Di M.Landi (Dedalonews)
Nel corso del vertice italo-francese di Nizza Finmeccanica, Thales e DCNS hanno annunciato di un’intesa per la creazione di una partnership nel settore dei sistemi di difesa subacquei. Una notizia che fa il paio con l’ accordo Finmeccanica-Thales sulla sicurezza marittima, annunciato anch’esso oggi, e che dimostra come al di là della ipotizzata fusione il rapporto tra i due gruppi sia già forte.
La cooperazione a tre sui sistemi subacquei crea uno dei principali player a livello mondiale del settore. L’ accordo prevede la creazione di tre joint-venture. La prima, denominata “Torpedo Program JV”, si occuperà delle attività di ingegneria progettazione e sviluppo, marketing e vendita dei sistemi di difesa subacquei, nonché delle attività di gestione dei programmi. Questa joint-venture deterrà la titolarità dei prodotti, siluri pesanti e leggeri e sistemi di difesa antisiluro, mantenendo, inoltre, i rapporti con il cliente finale. Torpedo Program JV sarà controllata al 51% da Finmeccanica e al 49% da DCNS.
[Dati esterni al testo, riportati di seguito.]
(* Assume that the optimizer $x^*$ of the DC-OPF problem satisfies $x^*_n>0$ for all $n\in\{1,\dots,N\}$. Then there exists a unique efficient bid $b^*\in\mathbb R^N_{\ge0}$, given by $b^*_n=\nabla f_n(x^*_n)=2a_nx^*_n+c_n$ for all $n$.
   Context: Network: a directed graph $\mathcal G=(\mathcal V,\mathcal E)$ with buses $\mathcal V=\{1,\dots,N_b\}$ and power lines $\mathcal E$; $\mathcal N_i^+=\{j:(i,j)\in\mathcal E\}$, $\mathcal N_i^-=\{j:(j,i)\in\mathcal E\}$. Each line $(i,j)$ carries flow $z_{ij}\in\mathbb R$ with limit $\bar z_{ij}>0$. There are $N$ generators labelled $1,\dots,N$; $G_i$ is the (possibly empty) set of generators at bus $i$, the $G_i$ partition $\{1,\dots,N\}$. Bus $i$ has load $y_i\ge0$. Generator $n$ has cost $f_n(x)=a_nx^2+c_nx$ with $a_n>0$, $c_n\ge 0$. DC-OPF: minimize $\sum_{n=1}^N f_n(x_n)$ over $(x,z)$ subject to $\sum_{j\in\mathcal N_i^+}z_{ij}-\sum_{j\in\mathcal N_i^-}z_{ji}=\sum_{n\in G_i}x_n-y_i$ for all buses $i$, $-\bar z_{ij}\le z_{ij}\le\bar z_{ij}$ for all $(i,j)\in\mathcal E$, and $x\ge 0$; assumed feasible, with optimizer $(x^*,z^* )$, $x^*$ unique. S-DC-OPF given bids $b\in\mathbb R^N_{\ge0}$: same constraints, objective $\sum_n b_nx_n$. Efficient bid: $b^*\ge0$ such that $(x^*,z^* )$ is an optimizer of S-DC-OPF with bids $b^*$ and $x^*_n=\arg\max_{x\ge0}(b^*_nx-f_n(x))$ for all $n$. *)

theory Defs
  imports Complex_Main
begin

text \<open>Buses are the elements of a finite type 'v, generators the elements of a finite
  type 'g. The set of lines is E (pairs (i,j) of buses). loc n is the bus at which
  generator n sits, so G_i = {n. loc n = i}; these sets partition the generators.
  Flows z are functions on pairs of buses (only values on E matter).\<close>

definition gen_cost :: "real \<Rightarrow> real \<Rightarrow> real \<Rightarrow> real" where
  "gen_cost a c x = a * x^2 + c * x"

definition dcopf_feasible ::
  "('v::finite \<times> 'v) set \<Rightarrow> ('v \<times> 'v \<Rightarrow> real) \<Rightarrow> ('g::finite \<Rightarrow> 'v) \<Rightarrow> ('v \<Rightarrow> real)
   \<Rightarrow> ('g \<Rightarrow> real) \<Rightarrow> ('v \<times> 'v \<Rightarrow> real) \<Rightarrow> bool" where
  "dcopf_feasible E zbar loc y x z \<longleftrightarrow>
     (\<forall>i. (\<Sum>j\<in>{j. (i,j) \<in> E}. z (i,j)) - (\<Sum>j\<in>{j. (j,i) \<in> E}. z (j,i))
           = (\<Sum>n\<in>{n. loc n = i}. x n) - y i) \<and>
     (\<forall>e\<in>E. - zbar e \<le> z e \<and> z e \<le> zbar e) \<and>
     (\<forall>n. 0 \<le> x n)"

definition dcopf_optimal where
  "dcopf_optimal E zbar loc y a c x z \<longleftrightarrow>
     dcopf_feasible E zbar loc y x z \<and>
     (\<forall>x' z'. dcopf_feasible E zbar loc y x' z' \<longrightarrow>
        (\<Sum>n\<in>UNIV. gen_cost (a n) (c n) (x n)) \<le> (\<Sum>n\<in>UNIV. gen_cost (a n) (c n) (x' n)))"

definition sdcopf_optimal where
  "sdcopf_optimal E zbar loc y b x z \<longleftrightarrow>
     dcopf_feasible E zbar loc y x z \<and>
     (\<forall>x' z'. dcopf_feasible E zbar loc y x' z' \<longrightarrow>
        (\<Sum>n\<in>UNIV. b n * x n) \<le> (\<Sum>n\<in>UNIV. b n * x' n))"

definition efficient_bid where
  "efficient_bid E zbar loc y a c xs zs b \<longleftrightarrow>
     (\<forall>n. 0 \<le> b n) \<and>
     sdcopf_optimal E zbar loc y b xs zs \<and>
     (\<forall>n. is_arg_max (\<lambda>x. b n * x - gen_cost (a n) (c n) x) (\<lambda>x. 0 \<le> x) (xs n))"

end

theory Submission
  imports Defs
begin

text \<open>The feasible set of DC-OPF is convex and the total cost is a separable convex quadratic.
  Moving from the optimizer x* towards any feasible x' by a step t changes the cost by
  t D + t^2 Q with D = sum_n (2 a_n x*_n + c_n)(x'_n - x*_n); optimality for all small t > 0
  forces D \<ge> 0, i.e. x* is optimal for the linear objective with bids 2 a_n x*_n + c_n.
  Conversely, since x*_n is interior, the profit b_n x - f_n(x) is maximized there only if
  its derivative b_n - f_n'(x*_n) vanishes, which pins the bid down uniquely.\<close>

lemma dcopf_feasible_convex:
  assumes feas: "dcopf_feasible E zbar loc y x z" and feas': "dcopf_feasible E zbar loc y x' z'"
    and t: "0 \<le> t" "t \<le> 1"
  shows "dcopf_feasible E zbar loc y (\<lambda>n. (1-t) * x n + t * x' n) (\<lambda>e. (1-t) * z e + t * z' e)"
  unfolding dcopf_feasible_def
proof (intro conjI allI ballI)
  fix i
  let ?out = "{j. (i,j) \<in> E}" and ?inc = "{j. (j,i) \<in> E}" and ?gen = "{n. loc n = i}"
  have balance: "(\<Sum>j\<in>?out. z (i,j)) - (\<Sum>j\<in>?inc. z (j,i)) = (\<Sum>n\<in>?gen. x n) - y i"
    and balance': "(\<Sum>j\<in>?out. z' (i,j)) - (\<Sum>j\<in>?inc. z' (j,i)) = (\<Sum>n\<in>?gen. x' n) - y i"
    using feas feas' unfolding dcopf_feasible_def by blast+
  have "(\<Sum>j\<in>?out. (1-t) * z (i,j) + t * z' (i,j)) - (\<Sum>j\<in>?inc. (1-t) * z (j,i) + t * z' (j,i))
      = (1-t) * ((\<Sum>j\<in>?out. z (i,j)) - (\<Sum>j\<in>?inc. z (j,i)))
        + t * ((\<Sum>j\<in>?out. z' (i,j)) - (\<Sum>j\<in>?inc. z' (j,i)))"
    unfolding sum.distrib sum_distrib_left[symmetric] by (simp add: algebra_simps)
  also have "\<dots> = (1-t) * ((\<Sum>n\<in>?gen. x n) - y i) + t * ((\<Sum>n\<in>?gen. x' n) - y i)"
    by (simp only: balance balance')
  also have "\<dots> = (\<Sum>n\<in>?gen. (1-t) * x n + t * x' n) - y i"
    unfolding sum.distrib sum_distrib_left[symmetric] by (simp add: algebra_simps)
  finally show "(\<Sum>j\<in>?out. (1-t) * z (i,j) + t * z' (i,j)) - (\<Sum>j\<in>?inc. (1-t) * z (j,i) + t * z' (j,i))
      = (\<Sum>n\<in>?gen. (1-t) * x n + t * x' n) - y i" .
next
  fix e assume "e \<in> E"
  then have bounds: "- zbar e \<le> z e" "z e \<le> zbar e" "- zbar e \<le> z' e" "z' e \<le> zbar e"
    using feas feas' unfolding dcopf_feasible_def by auto
  have "0 \<le> 1 - t"
    using t by simp
  note scaled = mult_left_mono[OF bounds(1) this] mult_left_mono[OF bounds(2) this]
    mult_left_mono[OF bounds(3) t(1)] mult_left_mono[OF bounds(4) t(1)]
  from scaled show "- zbar e \<le> (1-t) * z e + t * z' e" "(1-t) * z e + t * z' e \<le> zbar e"
    by (auto simp: algebra_simps)
next
  fix n
  show "0 \<le> (1-t) * x n + t * x' n"
    using feas feas' t unfolding dcopf_feasible_def by simp
qed

lemma gen_cost_shift:
  "gen_cost a c (u + h) = gen_cost a c u + (2 * a * u + c) * h + a * h\<^sup>2"
  unfolding gen_cost_def by (simp add: power2_eq_square algebra_simps)

lemma nonneg_of_nonneg_near_zero:
  fixes D Q s :: real
  assumes "0 < s" and nonneg: "\<And>t. 0 < t \<Longrightarrow> t \<le> s \<Longrightarrow> 0 \<le> t * D + t\<^sup>2 * Q"
  shows "0 \<le> D"
proof (rule ccontr)
  assume "\<not> 0 \<le> D"
  then have D: "D < 0" by simp
  define t where "t = min s (- D / (2 * \<bar>Q\<bar> + 1))"
  have "0 < - D / (2 * \<bar>Q\<bar> + 1)"
    using D by (intro divide_pos_pos) auto
  then have t: "0 < t" "t \<le> s"
    using \<open>0 < s\<close> by (auto simp: t_def)
  have "t * \<bar>Q\<bar> \<le> (- D / (2 * \<bar>Q\<bar> + 1)) * \<bar>Q\<bar>"
    by (intro mult_right_mono) (auto simp: t_def)
  also have "\<dots> \<le> - D / 2"
    using D by (simp add: field_simps)
  moreover have "t * Q \<le> t * \<bar>Q\<bar>"
    using t(1) by (simp add: mult_left_mono)
  ultimately have "D + t * Q < 0"
    using D by linarith
  then have "t * (D + t * Q) < 0"
    using t(1) by (simp add: mult_pos_neg)
  with nonneg[OF t] show False
    by (simp add: power2_eq_square algebra_simps)
qed

lemma sdcopf_optimal_marginal_cost_bids:
  assumes opt: "dcopf_optimal E zbar loc y a c xs zs"
  shows "sdcopf_optimal E zbar loc y (\<lambda>n. 2 * a n * xs n + c n) xs zs"
  unfolding sdcopf_optimal_def
proof (intro conjI allI impI)
  let ?b = "\<lambda>n. 2 * a n * xs n + c n"
  show feas: "dcopf_feasible E zbar loc y xs zs"
    using opt unfolding dcopf_optimal_def by simp
  fix x' z' assume feas': "dcopf_feasible E zbar loc y x' z'"
  define D where "D = (\<Sum>n\<in>UNIV. ?b n * (x' n - xs n))"
  define Q where "Q = (\<Sum>n\<in>UNIV. a n * (x' n - xs n)\<^sup>2)"
  have "0 \<le> t * D + t\<^sup>2 * Q" if t: "0 < t" "t \<le> 1" for t
  proof -
    let ?xt = "\<lambda>n. (1-t) * xs n + t * x' n"
    have "dcopf_feasible E zbar loc y ?xt (\<lambda>e. (1-t) * zs e + t * z' e)"
      using dcopf_feasible_convex[OF feas feas'] t by simp
    then have "(\<Sum>n\<in>UNIV. gen_cost (a n) (c n) (xs n)) \<le> (\<Sum>n\<in>UNIV. gen_cost (a n) (c n) (?xt n))"
      using opt unfolding dcopf_optimal_def by blast
    also have "\<dots> = (\<Sum>n\<in>UNIV. gen_cost (a n) (c n) (xs n)) + (t * D + t\<^sup>2 * Q)"
    proof -
      have step: "gen_cost (a n) (c n) (?xt n) = gen_cost (a n) (c n) (xs n)
          + t * (?b n * (x' n - xs n)) + t\<^sup>2 * (a n * (x' n - xs n)\<^sup>2)" for n
      proof -
        have "?xt n = xs n + t * (x' n - xs n)"
          by (simp add: algebra_simps)
        then show ?thesis
          by (simp only: gen_cost_shift) (simp add: power_mult_distrib ac_simps)
      qed
      show ?thesis
        by (simp add: step D_def Q_def sum.distrib sum_distrib_left)
    qed
    finally show ?thesis by simp
  qed
  then have "0 \<le> D"
    by (rule nonneg_of_nonneg_near_zero[where s = 1 and Q = Q, OF zero_less_one])
  then show "(\<Sum>n\<in>UNIV. ?b n * xs n) \<le> (\<Sum>n\<in>UNIV. ?b n * x' n)"
    unfolding D_def by (simp add: right_diff_distrib sum_subtractf)
qed

lemma is_arg_max_profit_iff:
  fixes a b c u :: real
  assumes "0 < a" and "0 < u"
  shows "is_arg_max (\<lambda>x. b * x - gen_cost a c x) (\<lambda>x. 0 \<le> x) u \<longleftrightarrow> b = 2 * a * u + c"
proof -
  define d where "d = b - (2 * a * u + c)"
  have profit_shift: "b * (u + h) - gen_cost a c (u + h) = b * u - gen_cost a c u + (h * d - a * h\<^sup>2)"
    for h
    unfolding gen_cost_shift d_def by (simp add: algebra_simps)
  have "is_arg_max (\<lambda>x. b * x - gen_cost a c x) (\<lambda>x. 0 \<le> x) u
      \<longleftrightarrow> (\<forall>h. 0 \<le> u + h \<longrightarrow> h * d - a * h\<^sup>2 \<le> 0)"
  proof
    assume "is_arg_max (\<lambda>x. b * x - gen_cost a c x) (\<lambda>x. 0 \<le> x) u"
    then have "b * x - gen_cost a c x \<le> b * u - gen_cost a c u" if "0 \<le> x" for x
      using that unfolding is_arg_max_linorder by blast
    from this[of "u + h" for h] show "\<forall>h. 0 \<le> u + h \<longrightarrow> h * d - a * h\<^sup>2 \<le> 0"
      unfolding profit_shift by simp
  next
    assume max: "\<forall>h. 0 \<le> u + h \<longrightarrow> h * d - a * h\<^sup>2 \<le> 0"
    have "b * x - gen_cost a c x \<le> b * u - gen_cost a c u" if "0 \<le> x" for x
      using max[rule_format, of "x - u"] profit_shift[of "x - u"] that by simp
    then show "is_arg_max (\<lambda>x. b * x - gen_cost a c x) (\<lambda>x. 0 \<le> x) u"
      unfolding is_arg_max_linorder using \<open>0 < u\<close> by simp
  qed
  also have "\<dots> \<longleftrightarrow> d = 0"
  proof
    assume max: "\<forall>h. 0 \<le> u + h \<longrightarrow> h * d - a * h\<^sup>2 \<le> 0"
    have "0 \<le> - d"
    proof (rule nonneg_of_nonneg_near_zero[where s = 1 and Q = a])
      fix t :: real assume "0 < t" "t \<le> 1"
      then have "t * d - a * t\<^sup>2 \<le> 0"
        using max[rule_format, of t] \<open>0 < u\<close> by simp
      then show "0 \<le> t * - d + t\<^sup>2 * a"
        by (simp add: algebra_simps)
    qed simp
    moreover have "0 \<le> d"
    proof (rule nonneg_of_nonneg_near_zero[where s = u and Q = a])
      fix t :: real assume "0 < t" "t \<le> u"
      then have "- t * d - a * (- t)\<^sup>2 \<le> 0"
        using max[rule_format, of "- t"] by simp
      then show "0 \<le> t * d + t\<^sup>2 * a"
        by (simp add: algebra_simps)
    qed (rule \<open>0 < u\<close>)
    ultimately show "d = 0" by simp
  next
    assume "d = 0"
    then show "\<forall>h. 0 \<le> u + h \<longrightarrow> h * d - a * h\<^sup>2 \<le> 0"
      using \<open>0 < a\<close> by simp
  qed
  finally show ?thesis
    unfolding d_def by simp
qed

theorem lemma3p2:
  fixes E :: "('v::finite \<times> 'v) set"
    and zbar :: "'v \<times> 'v \<Rightarrow> real"
    and loc :: "'g::finite \<Rightarrow> 'v"
    and y :: "'v \<Rightarrow> real"
    and a c :: "'g \<Rightarrow> real"
    and xs :: "'g \<Rightarrow> real"
    and zs :: "'v \<times> 'v \<Rightarrow> real"
  assumes zbar_pos: "\<forall>e\<in>E. 0 < zbar e"
    and y_nonneg: "\<forall>i. 0 \<le> y i"
    and a_pos: "\<forall>n. 0 < a n"
    and c_nonneg: "\<forall>n. 0 \<le> c n"
    and opt: "dcopf_optimal E zbar loc y a c xs zs"
    and xs_unique: "\<forall>x' z'. dcopf_optimal E zbar loc y a c x' z' \<longrightarrow> x' = xs"
    and xs_pos: "\<forall>n. 0 < xs n"
  shows "(\<exists>!b. efficient_bid E zbar loc y a c xs zs b)
    \<and> efficient_bid E zbar loc y a c xs zs (\<lambda>n. 2 * a n * xs n + c n)"
proof -
  let ?b = "\<lambda>n. 2 * a n * xs n + c n"
  have profit_max: "is_arg_max (\<lambda>x. b n * x - gen_cost (a n) (c n) x) (\<lambda>x. 0 \<le> x) (xs n)
      \<longleftrightarrow> b n = ?b n" for b n
    using is_arg_max_profit_iff a_pos xs_pos by blast
  have "0 \<le> ?b n" for n
    using a_pos[rule_format, of n] c_nonneg xs_pos[rule_format, of n] by simp
  then have eff: "efficient_bid E zbar loc y a c xs zs ?b"
    unfolding efficient_bid_def
    using profit_max[of ?b] sdcopf_optimal_marginal_cost_bids[OF opt] by simp
  have "b = ?b" if "efficient_bid E zbar loc y a c xs zs b" for b
    using that profit_max unfolding efficient_bid_def by blast
  with eff show ?thesis by blast
qed

end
La seconda joint-venture, denominata “Torpedo Manufacturing JV” e controllata al 51% da DCNS e al 49% da Finmeccanica, sarà dedicata alla produzione di siluri e alle attività di supporto, nonché all’ingegnerizzazione, al collaudo e alla produzione dei moduli energetici.
Infine il terzo frutto dell’ accordo, una joint-venture denominata “Sonar JV”, controllata al 51% da Thales e al 49% da Finmeccanica, sarà impegnata nella progettazione, lo sviluppo e la produzione di teste acustiche insieme alle relative attività di supporto. Questa nuova realtà sarà attiva nel settore dei sonar dedicato al cliente italiano.
L’accordo a tre avrà una notevole rilevanza strategica e garantirà importanti sinergie, valorizzando i centri di eccellenza tecnologici dei due Paesi con ampie prospettive di crescita. Gli stabilimenti coinvolti nelle alleanze manterranno la loro attuale sede e missione.
Gli amministratori delegati delle tre aziende hanno dichiarato che la nascita di questa alleanza strategica rappresenta un importante successo nel processo di consolidamento dell’industria europea della difesa navale. In un secondo momento anche altri player europei potranno essere coinvolti nella partnership.
Il completamento dell’operazione è atteso per la fine del 2008 a seguito del processo di due diligence e dell’ottenimento delle autorizzazioni delle autorità competenti.
DCNS, con la sua Business Unit per i sistemi subacquei, Finmeccanica, attraverso la sua controllata WASS, e Thales, mediante TUS, già da numerosi anni collaborano nel settore dei sistemi di difesa subacquei. Le tre società, inoltre, operano congiuntamente attraverso il consorzio Eurotorp (GEIE, Gruppo europeo di interesse economico) per lo sviluppo e la commercializzazione dei siluri leggeri (MU 90) e il consorzio Euroslat (GEIE) per i sistemi di difesa anti-siluro.